= Commission on Social Welfare =

Commission in Ireland

The Commission on Social Welfare (CSW) was a commission in Ireland that from 1983 to 1986 reviewed social welfare in the country. Social security policy between 1987 and 1994 was heavily influenced by the findings of the CSW.

The final report of the Commission recommended raising social welfare payments. For social welfare payments to be adequate, they "must prevent poverty, and in our view poverty must be judged in the light of actual living standards," the report concluded.

==Background==

A social welfare provision refers to any program which seeks to provide a minimum level of income, service or other support for many marginalized groups such as the poor, elderly, and disabled people. Social welfare programs are undertaken by governments as well as non-governmental organizations (NGO's). Social welfare payments and services are typically provided at the expense of taxpayers generally, funded by benefactors, or by compulsory enrollment of the poor themselves.

==Establishment==
In 1982 the National Social Services Board in its pre-budget submission called for the establishment of a commission to carry out a fundamental review of the social welfare system. A commitment to establish such a commission was part of the program of the Fine Gael/Labour coalition government that came into office in December 1982. The Commission on Social Welfare was established in 1983.

==Commission report==
The Commission's report was published in 1986. The reforms recommended were within the existing system rather than replacing the system and creating a new one.

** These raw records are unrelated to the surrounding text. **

lemma pow_floor_log_le:
  assumes "b \<ge> 2" "L \<ge> 1"
  shows "real b ^ nat \<lfloor>log b L\<rfloor> \<le> L"
proof -
  have "0 \<le> \<lfloor>log b L\<rfloor>" using assms by simp
  then have "real b ^ nat \<lfloor>log b L\<rfloor> = real b powr \<lfloor>log b L\<rfloor>"
    using assms(1) by (simp add: powr_realpow[symmetric])
  also have "\<dots> \<le> L"
    using floor_log_eq_powr_iff[of L b "\<lfloor>log b L\<rfloor>"] assms by simp
  finally show ?thesis .
qed

lemma ball_card_bound_floor_log_le:
  assumes "d \<ge> 2" "L \<ge> 1"
  shows "real (ball_card_bound d (nat \<lfloor>log d L\<rfloor>)) \<le> 2 * L"
proof -
  have "real (ball_card_bound d (nat \<lfloor>log d L\<rfloor>)) \<le> real (2 * d ^ nat \<lfloor>log d L\<rfloor>)"
    using ball_card_bound_le[OF assms(1)] by (simp only: of_nat_le_iff)
  also have "\<dots> \<le> 2 * L"
    using pow_floor_log_le[OF assms] by simp
  finally show ?thesis .
qed

lemma powr_card_le_prod_one_minus:
  assumes "finite A" "real (card A) \<le> m" "\<forall>u\<in>A. 0 \<le> p u \<and> p u \<le> 1 - a" "0 < a" "a \<le> 1"
  shows "a powr m \<le> (\<Prod>u\<in>A. 1 - p u)"
proof -
  have "a powr m \<le> a powr card A"
    using assms(2,4,5) by (intro powr_mono') auto
  also have "\<dots> = (\<Prod>u\<in>A. a)" using assms(4) by (simp add: powr_realpow)
  also have "\<dots> \<le> (\<Prod>u\<in>A. 1 - p u)"
    using assms(3,4) by (intro prod_mono) auto
  finally show ?thesis .
qed

lemma powr_neg_nine_tenths_le:
  assumes "n \<ge> 1"
  shows "n powr (-9/10) \<le> (3/4) powr (2 * log 2 n)"
proof -
  define L where "L = log 2 n"
  have "L \<ge> 0" "n = 2 powr L" using assms by (simp_all add: L_def)
  from this(2) have "n powr (-9/10) = (2 powr (-9)) powr (L/10)"
    by (simp add: powr_powr mult.commute)
  also have "\<dots> \<le> ((3/4) powr 20) powr (L/10)"
    \<comment> \<open>2^(-9) \<approx> 0.00195 and (3/4)^20 \<approx> 0.00317\<close>
    using \<open>L \<ge> 0\<close> by (intro powr_mono2) (auto simp: powr_minus powr_realpow power_divide)
  also have "\<dots> = (3/4) powr (2 * L)" unfolding powr_powr by simp
  finally show ?thesis by (simp add: L_def)
qed

lemma seed_prob_complete_le:
  fixes d r n :: nat
  assumes "d \<ge> 2" "r \<ge> 1" "n \<ge> 2" "regular_graph d n E" "\<forall>v<n. 0 \<le> p v \<and> p v \<le> 1/4"
  shows "seed_prob n p (\<lambda>A0. bp_gen n E r (nat \<lfloor>log d (log 2 n)\<rfloor>) A0 = {0..<n})
         \<le> exp (- (real n powr (1/10) / (4 * (log 2 n)\<^sup>2)))"
proof -
  define L where "L = log 2 (real n)"
  define t where "t = nat \<lfloor>log d L\<rfloor>"
  define q where "q = (3/4 :: real) powr (2 * L)"
  have L1: "L \<ge> 1" using assms(3) by (simp add: L_def)
  have ball_size: "real (ball_card_bound d t) \<le> 2 * L"
    unfolding t_def using assms(1) L1 by (rule ball_card_bound_floor_log_le)
  obtain K where K: "K \<subseteq> {0..<n}" "n \<le> card K * ball_card_bound d t ^ 2"
      "pairwise (\<lambda>a b. disjnt (graph_ball n E a t) (graph_ball n E b t)) K"
    using exists_disjoint_graph_balls[OF assms(4)] by blast
  have "real n \<le> card K * real (ball_card_bound d t) ^ 2"
    using K(2) by (metis of_nat_le_iff of_nat_mult of_nat_power)
  also have "\<dots> \<le> card K * (2 * L) ^ 2"
    using ball_size by (intro mult_left_mono power_mono) auto
  finally have card_K: "real n / (4 * L\<^sup>2) \<le> card K"
    using L1 by (simp add: divide_le_eq power_mult_distrib mult.commute)
  have "q \<le> (\<Prod>u\<in>graph_ball n E c t. 1 - p u)" if "c \<in> K" for c
  proof -
    have c: "c < n" using that K(1) by auto
    show ?thesis unfolding q_def
    proof (intro powr_card_le_prod_one_minus finite_graph_ball)
      show "real (card (graph_ball n E c t)) \<le> 2 * L"
        using card_graph_ball_le[OF assms(4) c, of t] ball_size by (meson of_nat_le_iff order_trans)
      show "\<forall>u\<in>graph_ball n E c t. 0 \<le> p u \<and> p u \<le> 1 - 3/4"
        using graph_ball_subset[OF c, of E t] assms(5) by auto
    qed auto
  qed
  then have complete: "seed_prob n p (\<lambda>A0. bp_gen n E r t A0 = {0..<n}) \<le> exp (- q * card K)"
    using assms K L1 by (intro seed_prob_complete_le_exp) (auto simp: q_def powr_le1)
  have "real n powr (1/10) / (4 * L\<^sup>2) = real n powr (-9/10) * (real n / (4 * L\<^sup>2))"
    using powr_mult_base[of "real n" "-9/10"] by (simp add: mult.commute)
  also have "\<dots> \<le> q * card K"
    using powr_neg_nine_tenths_le[of n] assms(3) card_K L1
    by (intro mult_mono) (auto simp: q_def L_def)
  finally have "exp (- q * card K) \<le> exp (- (real n powr (1/10) / (4 * L\<^sup>2)))"
    by simp
  with complete show ?thesis unfolding t_def L_def by linarith
qed

theorem proposition1:
  fixes d r :: nat
  assumes "d \<ge> 2" and "r \<ge> 2"
  shows "\<forall>\<epsilon>>0. \<exists>N. \<forall>n\<ge>N. \<forall>E p.
           regular_graph d n E \<longrightarrow> (\<forall>v<n. 0 \<le> p v \<and> p v \<le> 1/4) \<longrightarrow>
           seed_prob n p (\<lambda>A0. bp_gen n E r (nat \<lfloor>log (real d) (log 2 (real n))\<rfloor>) A0 = {0..<n})
             \<le> \<epsilon>"
proof (intro allI impI)
  fix \<epsilon> :: real assume "\<epsilon> > 0"
  have "((\<lambda>x::real. exp (- (x powr (1/10) / (4 * (log 2 x)\<^sup>2)))) \<longlongrightarrow> 0) at_top"
    by real_asymp
  then have "eventually (\<lambda>x::real. exp (- (x powr (1/10) / (4 * (log 2 x)\<^sup>2))) < \<epsilon>) at_top"
    using \<open>\<epsilon> > 0\<close> by (rule order_tendstoD(2))
  then obtain N0 :: real where N0: "\<And>x. x \<ge> N0 \<Longrightarrow> exp (- (x powr (1/10) / (4 * (log 2 x)\<^sup>2))) < \<epsilon>"
    by (auto simp: eventually_at_top_linorder)
  show "\<exists>N. \<forall>n\<ge>N. \<forall>E p. regular_graph d n E \<longrightarrow> (\<forall>v<n. 0 \<le> p v \<and> p v \<le> 1/4) \<longrightarrow>
           seed_prob n p (\<lambda>A0. bp_gen n E r (nat \<lfloor>log (real d) (log 2 (real n))\<rfloor>) A0 = {0..<n}) \<le> \<epsilon>"
  proof (intro exI allI impI)
    fix n E p
    assume "max 2 (nat \<lceil>N0\<rceil>) \<le> n" "regular_graph d n E" "\<forall>v<n. 0 \<le> p v \<and> p v \<le> (1/4 :: real)"
    with assms seed_prob_complete_le[of d r n E p] N0[of n]
    show "seed_prob n p (\<lambda>A0. bp_gen n E r (nat \<lfloor>log (real d) (log 2 (real n))\<rfloor>) A0 = {0..<n}) \<le> \<epsilon>"
      by fastforce
  qed
qed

The four key reforms proposed by the Commission concerned the payment structure, social insurance, social assistance and financing.

The adequacy of payments was the most important issue the Commission considered. By using a number of indicators, the Commission estimated that a minimally adequate income for a single person in 1985 was 50 to 60 pounds per week.

The Commission favored keeping the social insurance system. It recommended that all income earners should contribute to and benefit where appropriate from social insurance and favored a widening of coverage for insurance.

The Commission recommended that there should be a comprehensive social assistance scheme for those who, for whatever reason, do not qualify for social insurance. The main condition would be the establishment of an income.

On the grounds of redistribution the Commission concluded that the income ceiling on contributions should be gradually abolished.